[Brief]
The expected output is a copy of every line in the records with the string "definition".

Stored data
# # # #
(* Let $M\subseteq[r]^d$ be a dot array satisfying (P2') and (P3). If $\mathbf x,\mathbf y\in M$ and $i\ne j$ are indices with $x_i>y_i$ and $x_j=y_j$, then there exists $\mathbf b\in M$ with $b_i=y_i$ and $b_j>y_j$.
   Context: $[r]=\{0,\dots,r\}$ and a dot array is a subset of $[r]^d$; for an element $\mathbf w$, $w_i$ (or $w_{k,i}$ for $\mathbf w_k$) denotes its $i$-th coordinate. (P2') for any distinct $i,j\in\{1,\dots,d\}$ and all integers $r_i,r_j\ge0$ with $r_i+r_j=r$, there are $\mathbf z,\mathbf w_1,\dots,\mathbf w_{r_i},\mathbf u_1,\dots,\mathbf u_{r_j}\in M$ with: (a) $w_{1,i}<\dots<w_{r_i,i}<z_i$; (b) $u_{1,j}<\dots<u_{r_j,j}<z_j$; (c) $u_{k,j}<w_{k',j}$ for all $k,k'$. (P3) every set $S$ of $r+2$ elements of $M$ contains a subset $S'$ (with at least two elements) such that for every $1\le i\le d$ the value $\min\{x_i:\mathbf x\in S'\}$ is attained by at least two elements of $S'$. *)

theory Defs
  imports Main
begin

text \<open>Points of [r]^d are modelled as functions nat \<Rightarrow> nat, coordinates indexed
by 1..d, with value 0 outside 1..d (so that they are determined by their coordinates).\<close>

definition grid :: "nat \<Rightarrow> nat \<Rightarrow> (nat \<Rightarrow> nat) set" where
  "grid r d = {x. (\<forall>i\<in>{1..d}. x i \<le> r) \<and> (\<forall>i. i \<notin> {1..d} \<longrightarrow> x i = 0)}"

definition dot_array :: "nat \<Rightarrow> nat \<Rightarrow> (nat \<Rightarrow> nat) set \<Rightarrow> bool" where
  "dot_array r d M \<longleftrightarrow> M \<subseteq> grid r d"

definition P2' :: "nat \<Rightarrow> nat \<Rightarrow> (nat \<Rightarrow> nat) set \<Rightarrow> bool" where
  "P2' r d M \<longleftrightarrow>
    (\<forall>i\<in>{1..d}. \<forall>j\<in>{1..d}. i \<noteq> j \<longrightarrow> (\<forall>ri rj. ri + rj = r \<longrightarrow>
      (\<exists>z w u. z \<in> M \<and> (\<forall>k\<in>{1..ri}. w k \<in> M) \<and> (\<forall>k\<in>{1..rj}. u k \<in> M) \<and>
        (\<forall>k\<in>{1..ri}. \<forall>k'\<in>{1..ri}. k < k' \<longrightarrow> w k i < w k' i) \<and>
        (\<forall>k\<in>{1..ri}. w k i < z i) \<and>
        (\<forall>k\<in>{1..rj}. \<forall>k'\<in>{1..rj}. k < k' \<longrightarrow> u k j < u k' j) \<and>
        (\<forall>k\<in>{1..rj}. u k j < z j) \<and>
        (\<forall>k\<in>{1..rj}. \<forall>k'\<in>{1..ri}. u k j < w k' j))))"

definition P3 :: "nat \<Rightarrow> nat \<Rightarrow> (nat \<Rightarrow> nat) set \<Rightarrow> bool" where
  "P3 r d M \<longleftrightarrow>
    (\<forall>S. S \<subseteq> M \<and> finite S \<and> card S = r + 2 \<longrightarrow>
      (\<exists>S'. S' \<subseteq> S \<and> card S' \<ge> 2 \<and>
        (\<forall>i\<in>{1..d}. \<exists>a\<in>S'. \<exists>b\<in>S'. a \<noteq> b \<and>
            a i = Min ((\<lambda>x. x i) ` S') \<and> b i = Min ((\<lambda>x. x i) ` S'))))"

end

theory Submission
  imports Defs
begin

text \<open>Let \<open>c = y j\<close>. Applying (P2') with \<open>r\<^sub>i = 0\<close> yields \<open>c\<close> points of \<open>M\<close> with pairwise distinct
\<open>j\<close>-coordinates below \<open>c\<close>; applying it with \<open>r\<^sub>j = c + 1\<close> yields \<open>r - c\<close> points with \<open>j\<close>-coordinates
above \<open>c\<close> and pairwise distinct \<open>i\<close>-coordinates. Together with \<open>x\<close> and \<open>y\<close> these are \<open>r + 2\<close>
points, so (P3) gives a subset \<open>S'\<close> whose coordinatewise minima are all attained twice. The
\<open>j\<close>-minimum of \<open>S'\<close> can neither lie below \<open>c\<close> (distinct values there) nor above \<open>c\<close> (then \<open>S'\<close>
lies among the high points and the \<open>i\<close>-minimum could not be attained twice), so it is attained
by \<open>x\<close> and \<open>y\<close>.
The \<open>i\<close>-minimum is then at most \<open>y i < x i\<close>, and being attained twice it is attained by \<open>y\<close>
and by a high point \<open>b\<close>, which is the required point.\<close>

lemma strict_mono_on_nat_gap:
  fixes f :: "nat \<Rightarrow> nat"
  assumes "strict_mono_on A f" and "{m..n} \<subseteq> A" and "m \<le> n"
  shows "f m + (n - m) \<le> f n"
  using assms(3,2)
proof (induction n rule: dec_induct)
  case base
  then show ?case by simp
next
  case (step k)
  have "k \<in> A" "Suc k \<in> A" "{m..k} \<subseteq> A"
    using step.prems step.hyps(1) by auto
  then have "f k < f (Suc k)" "f m + (k - m) \<le> f k"
    using strict_mono_onD[OF assms(1)] step.IH by auto
  then show ?case using step.hyps(1) by (simp add: Suc_diff_le)
qed

lemma dot_array_coordinate_le:
  assumes "dot_array r d M" and "p \<in> M" and "k \<in> {1..d}"
  shows "p k \<le> r"
  using assms unfolding dot_array_def grid_def by blast

lemma P2'E:
  assumes "P2' r d M" and "i \<in> {1..d}" and "j \<in> {1..d}" and "i \<noteq> j" and "ri + rj = r"
  obtains z w u where "z \<in> M" and "w ` {1..ri} \<subseteq> M" and "u ` {1..rj} \<subseteq> M"
    and "strict_mono_on {1..ri} (\<lambda>k. w k i)" and "\<forall>k\<in>{1..ri}. w k i < z i"
    and "strict_mono_on {1..rj} (\<lambda>k. u k j)" and "\<forall>k\<in>{1..rj}. u k j < z j"
    and "\<forall>k\<in>{1..rj}. \<forall>k'\<in>{1..ri}. u k j < w k' j"
proof -
  from assms(1)[unfolded P2'_def, rule_format, OF assms(2-5)]
  obtain z w u where "z \<in> M" and "\<forall>k\<in>{1..ri}. w k \<in> M" and "\<forall>k\<in>{1..rj}. u k \<in> M"
    and "\<forall>k\<in>{1..ri}. \<forall>k'\<in>{1..ri}. k < k' \<longrightarrow> w k i < w k' i" and "\<forall>k\<in>{1..ri}. w k i < z i"
    and "\<forall>k\<in>{1..rj}. \<forall>k'\<in>{1..rj}. k < k' \<longrightarrow> u k j < u k' j" and "\<forall>k\<in>{1..rj}. u k j < z j"
    and "\<forall>k\<in>{1..rj}. \<forall>k'\<in>{1..ri}. u k j < w k' j"
    by (elim exE conjE) assumption
  then show thesis
    by (intro that[of z w u]) (auto simp: strict_mono_on_def)
qed

lemma P2'_points_below:
  assumes "dot_array r d M" and "P2' r d M"
    and "i \<in> {1..d}" and "j \<in> {1..d}" and "i \<noteq> j" and "c \<le> r"
  obtains Q where "Q \<subseteq> M" and "finite Q" and "card Q = c"
    and "\<forall>q\<in>Q. q j < c" and "inj_on (\<lambda>q. q j) Q"
proof -
  obtain z u where "z \<in> M" and uM: "u ` {1..r} \<subseteq> M"
    and mono: "strict_mono_on {1..r} (\<lambda>k. u k j)" and below_z: "\<forall>k\<in>{1..r}. u k j < z j"
    using P2'E[OF assms(2-5), of 0 r] by auto
  have "z j \<le> r"
    using dot_array_coordinate_le[OF assms(1) \<open>z \<in> M\<close> assms(4)] .
  \<comment> \<open>\<open>r\<close> strictly increasing values below \<open>z j \<le> r\<close> force \<open>u k j = k - 1\<close>\<close>
  have u_below: "u k j < c" if "k \<in> {1..c}" for k
  proof -
    have "u k j + (r - k) \<le> u r j"
      using strict_mono_on_nat_gap[OF mono, of k r] that assms(6) by auto
    moreover have "u r j < z j"
      using below_z that assms(6) by auto
    ultimately show ?thesis
      using \<open>z j \<le> r\<close> that by auto
  qed
  have "inj_on (\<lambda>k. u k j) {1..c}"
    using assms(6) by (intro strict_mono_on_imp_inj_on monotone_on_subset[OF mono]) auto
  then have "inj_on ((\<lambda>q. q j) \<circ> u) {1..c}"
    by (simp add: comp_def)
  then show thesis
    using uM assms(6) u_below
    by (intro that[of "u ` {1..c}"]) (auto simp: card_image inj_on_imageI inj_on_imageI2)
qed

lemma P2'_points_above:
  assumes "dot_array r d M" and "P2' r d M"
    and "i \<in> {1..d}" and "j \<in> {1..d}" and "i \<noteq> j" and "c \<le> r"
  obtains V where "V \<subseteq> M" and "finite V" and "card V = r - c"
    and "\<forall>v\<in>V. c < v j" and "inj_on (\<lambda>v. v i) V"
proof (cases "c = r")
  case True
  then show thesis by (intro that[of "{}"]) auto
next
  case False
  then have split: "(r - c - 1) + (c + 1) = r"
    using assms(6) by simp
  obtain z w u where "z \<in> M" and wM: "w ` {1..r-c-1} \<subseteq> M" and "u ` {1..c+1} \<subseteq> M"
    and w_mono: "strict_mono_on {1..r-c-1} (\<lambda>k. w k i)" and w_below: "\<forall>k\<in>{1..r-c-1}. w k i < z i"
    and u_mono: "strict_mono_on {1..c+1} (\<lambda>k. u k j)" and u_below_z: "\<forall>k\<in>{1..c+1}. u k j < z j"
    and u_below_w: "\<forall>k\<in>{1..c+1}. \<forall>k'\<in>{1..r-c-1}. u k j < w k' j"
    using P2'E[OF assms(2-5) split] .
  define W where "W = w ` {1..r-c-1}"
  have "c \<le> u (c + 1) j"
    using strict_mono_on_nat_gap[OF u_mono, of 1 "c + 1"] by simp
  moreover have "u (c + 1) j < z j" and "\<forall>k'\<in>{1..r-c-1}. u (c + 1) j < w k' j"
    using u_below_z u_below_w by auto
  ultimately have above: "\<forall>v\<in>insert z W. c < v j"
    unfolding W_def by auto
  have "inj_on ((\<lambda>v. v i) \<circ> w) {1..r-c-1}"
    using strict_mono_on_imp_inj_on[OF w_mono] by (simp add: comp_def)
  then have "inj_on (\<lambda>v. v i) W" and "card W = r - c - 1"
    unfolding W_def by (auto simp: card_image inj_on_imageI inj_on_imageI2)
  moreover have "z i \<notin> (\<lambda>v. v i) ` W"
    using w_below unfolding W_def by fastforce
  moreover have "finite W"
    unfolding W_def by simp
  ultimately have "inj_on (\<lambda>v. v i) (insert z W)" and "card (insert z W) = r - c"
    using False assms(6) by (auto simp: image_iff)
  then show thesis
    using \<open>z \<in> M\<close> wM above by (intro that[of "insert z W"]) (auto simp: W_def)
qed

definition min_attained_twice :: "(nat \<Rightarrow> nat) set \<Rightarrow> nat \<Rightarrow> bool" where
  "min_attained_twice S k \<longleftrightarrow> (\<exists>p\<in>S. \<exists>q\<in>S. p \<noteq> q \<and> p k = q k \<and> (\<forall>s\<in>S. p k \<le> s k))"

lemma min_attained_twice_not_inj_on:
  "min_attained_twice S k \<Longrightarrow> \<not> inj_on (\<lambda>p. p k) S"
  unfolding min_attained_twice_def inj_on_def by blast

lemma P3E:
  assumes "P3 r d M" and "S \<subseteq> M" and "finite S" and "card S = r + 2"
  obtains S' where "S' \<subseteq> S" and "\<forall>k\<in>{1..d}. min_attained_twice S' k"
proof -
  obtain S' where "S' \<subseteq> S" and ties: "\<forall>k\<in>{1..d}. \<exists>a\<in>S'. \<exists>b\<in>S'. a \<noteq> b \<and>
      a k = Min ((\<lambda>x. x k) ` S') \<and> b k = Min ((\<lambda>x. x k) ` S')"
    using assms(1)[unfolded P3_def, rule_format, OF conjI[OF assms(2) conjI[OF assms(3,4)]]]
    by blast
  have "finite S'"
    using assms(3) \<open>S' \<subseteq> S\<close> finite_subset by blast
  then have "min_attained_twice S' k" if "k \<in> {1..d}" for k
    using ties that unfolding min_attained_twice_def by fastforce
  then show thesis
    using \<open>S' \<subseteq> S\<close> that by blast
qed

lemma min_attained_twice_forces_pair:
  assumes "S \<subseteq> insert x (insert y (Q \<union> V))"
    and "min_attained_twice S j" and "min_attained_twice S i"
    and "\<forall>q\<in>Q. q j < c" and "inj_on (\<lambda>q. q j) Q"
    and "\<forall>v\<in>V. c < v j" and "inj_on (\<lambda>v. v i) V"
    and "x j = c" and "y j = c"
  shows "y \<in> S" and "S \<subseteq> insert x (insert y V)"
proof -
  obtain p q where "p \<in> S" "q \<in> S" "p \<noteq> q" "p j = q j" and p_min: "\<forall>s\<in>S. p j \<le> s j"
    using assms(2) unfolding min_attained_twice_def by blast
  have "\<not> p j < c"
  proof
    assume "p j < c"
    then have "p \<in> Q" "q \<in> Q"
      using assms(1,6,8,9) \<open>p \<in> S\<close> \<open>q \<in> S\<close> \<open>p j = q j\<close> by fastforce+
    then show False
      using assms(5) \<open>p \<noteq> q\<close> \<open>p j = q j\<close> by (auto dest: inj_onD)
  qed
  moreover have "\<not> c < p j"
  proof
    assume "c < p j"
    then have "S \<subseteq> V"
      using assms(1,4,8,9) p_min by fastforce
    then show False
      using min_attained_twice_not_inj_on[OF assms(3)] inj_on_subset[OF assms(7)] by blast
  qed
  ultimately have "p j = c"
    by simp
  then have "S \<subseteq> insert x (insert y V)"
    using assms(1,4) p_min by fastforce
  moreover have "p \<in> {x, y}" "q \<in> {x, y}"
    using calculation assms(6) \<open>p \<in> S\<close> \<open>q \<in> S\<close> \<open>p j = c\<close> \<open>p j = q j\<close> by fastforce+
  ultimately show "y \<in> S" "S \<subseteq> insert x (insert y V)"
    using \<open>p \<in> S\<close> \<open>q \<in> S\<close> \<open>p \<noteq> q\<close> by auto
qed

lemma min_attained_twice_witness:
  assumes "S \<subseteq> insert x (insert y V)" and "y \<in> S" and "y i < x i"
    and "min_attained_twice S i" and "inj_on (\<lambda>v. v i) V"
  shows "\<exists>v\<in>V. v i = y i"
proof -
  obtain p q where "p \<in> S" "q \<in> S" "p \<noteq> q" "p i = q i" and p_min: "\<forall>s\<in>S. p i \<le> s i"
    using assms(4) unfolding min_attained_twice_def by blast
  have "p i \<le> y i"
    using p_min assms(2) by blast
  then have "p \<in> insert y V" "q \<in> insert y V"
    using assms(1,3) \<open>p \<in> S\<close> \<open>q \<in> S\<close> \<open>p i = q i\<close> by auto
  moreover have "\<not> (p \<in> V \<and> q \<in> V)"
    using assms(5) \<open>p \<noteq> q\<close> \<open>p i = q i\<close> by (auto dest: inj_onD)
  ultimately show ?thesis
    using \<open>p \<noteq> q\<close> \<open>p i = q i\<close> by auto
qed

theorem mainTheorem12:
  fixes r d :: nat and M :: "(nat \<Rightarrow> nat) set" and x y :: "nat \<Rightarrow> nat" and i j :: nat
  assumes "dot_array r d M" and "P2' r d M" and "P3 r d M"
    and "x \<in> M" and "y \<in> M"
    and "i \<in> {1..d}" and "j \<in> {1..d}" and "i \<noteq> j"
    and "x i > y i" and "x j = y j"
  shows "\<exists>b\<in>M. b i = y i \<and> b j > y j"
proof -
  define c where "c = y j"
  have "c \<le> r"
    unfolding c_def using dot_array_coordinate_le[OF assms(1,5,7)] .
  obtain Q where "Q \<subseteq> M" "finite Q" "card Q = c" and Q_below: "\<forall>q\<in>Q. q j < c"
    and Q_inj: "inj_on (\<lambda>q. q j) Q"
    using P2'_points_below[OF assms(1,2,6-8) \<open>c \<le> r\<close>] .
  obtain V where "V \<subseteq> M" "finite V" "card V = r - c" and V_above: "\<forall>v\<in>V. c < v j"
    and V_inj: "inj_on (\<lambda>v. v i) V"
    using P2'_points_above[OF assms(1,2,6-8) \<open>c \<le> r\<close>] .
  define S where "S = insert x (insert y (Q \<union> V))"
  have "x \<noteq> y" "x \<notin> Q \<union> V" "y \<notin> Q \<union> V" "Q \<inter> V = {}"
    using assms(9,10) Q_below V_above unfolding c_def by fastforce+
  then have "card S = r + 2"
    unfolding S_def using \<open>finite Q\<close> \<open>finite V\<close> \<open>card Q = c\<close> \<open>card V = r - c\<close> \<open>c \<le> r\<close>
    by (simp add: card_Un_disjoint)
  moreover have "S \<subseteq> M" "finite S"
    unfolding S_def using assms(4,5) \<open>Q \<subseteq> M\<close> \<open>V \<subseteq> M\<close> \<open>finite Q\<close> \<open>finite V\<close> by auto
  ultimately obtain S' where "S' \<subseteq> S" and ties: "\<forall>k\<in>{1..d}. min_attained_twice S' k"
    using P3E[OF assms(3)] by blast
  then have "y \<in> S'" and "S' \<subseteq> insert x (insert y V)"
    using min_attained_twice_forces_pair[of S' x y Q V j i c] assms(6,7,10) Q_below Q_inj V_above V_inj
    unfolding S_def c_def by auto
  then obtain v where "v \<in> V" "v i = y i"
    using min_attained_twice_witness[of S' x y V i] assms(6,9) ties V_inj by blast
  then show ?thesis
    using \<open>V \<subseteq> M\<close> V_above unfolding c_def by blast
qed

end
# # # #
[Your response]
definition grid :: "nat \<Rightarrow> nat \<Rightarrow> (nat \<Rightarrow> nat) set" where
definition dot_array :: "nat \<Rightarrow> nat \<Rightarrow> (nat \<Rightarrow> nat) set \<Rightarrow> bool" where
definition P2' :: "nat \<Rightarrow> nat \<Rightarrow> (nat \<Rightarrow> nat) set \<Rightarrow> bool" where
definition P3 :: "nat \<Rightarrow> nat \<Rightarrow> (nat \<Rightarrow> nat) set \<Rightarrow> bool" where
definition min_attained_twice :: "(nat \<Rightarrow> nat) set \<Rightarrow> nat \<Rightarrow> bool" where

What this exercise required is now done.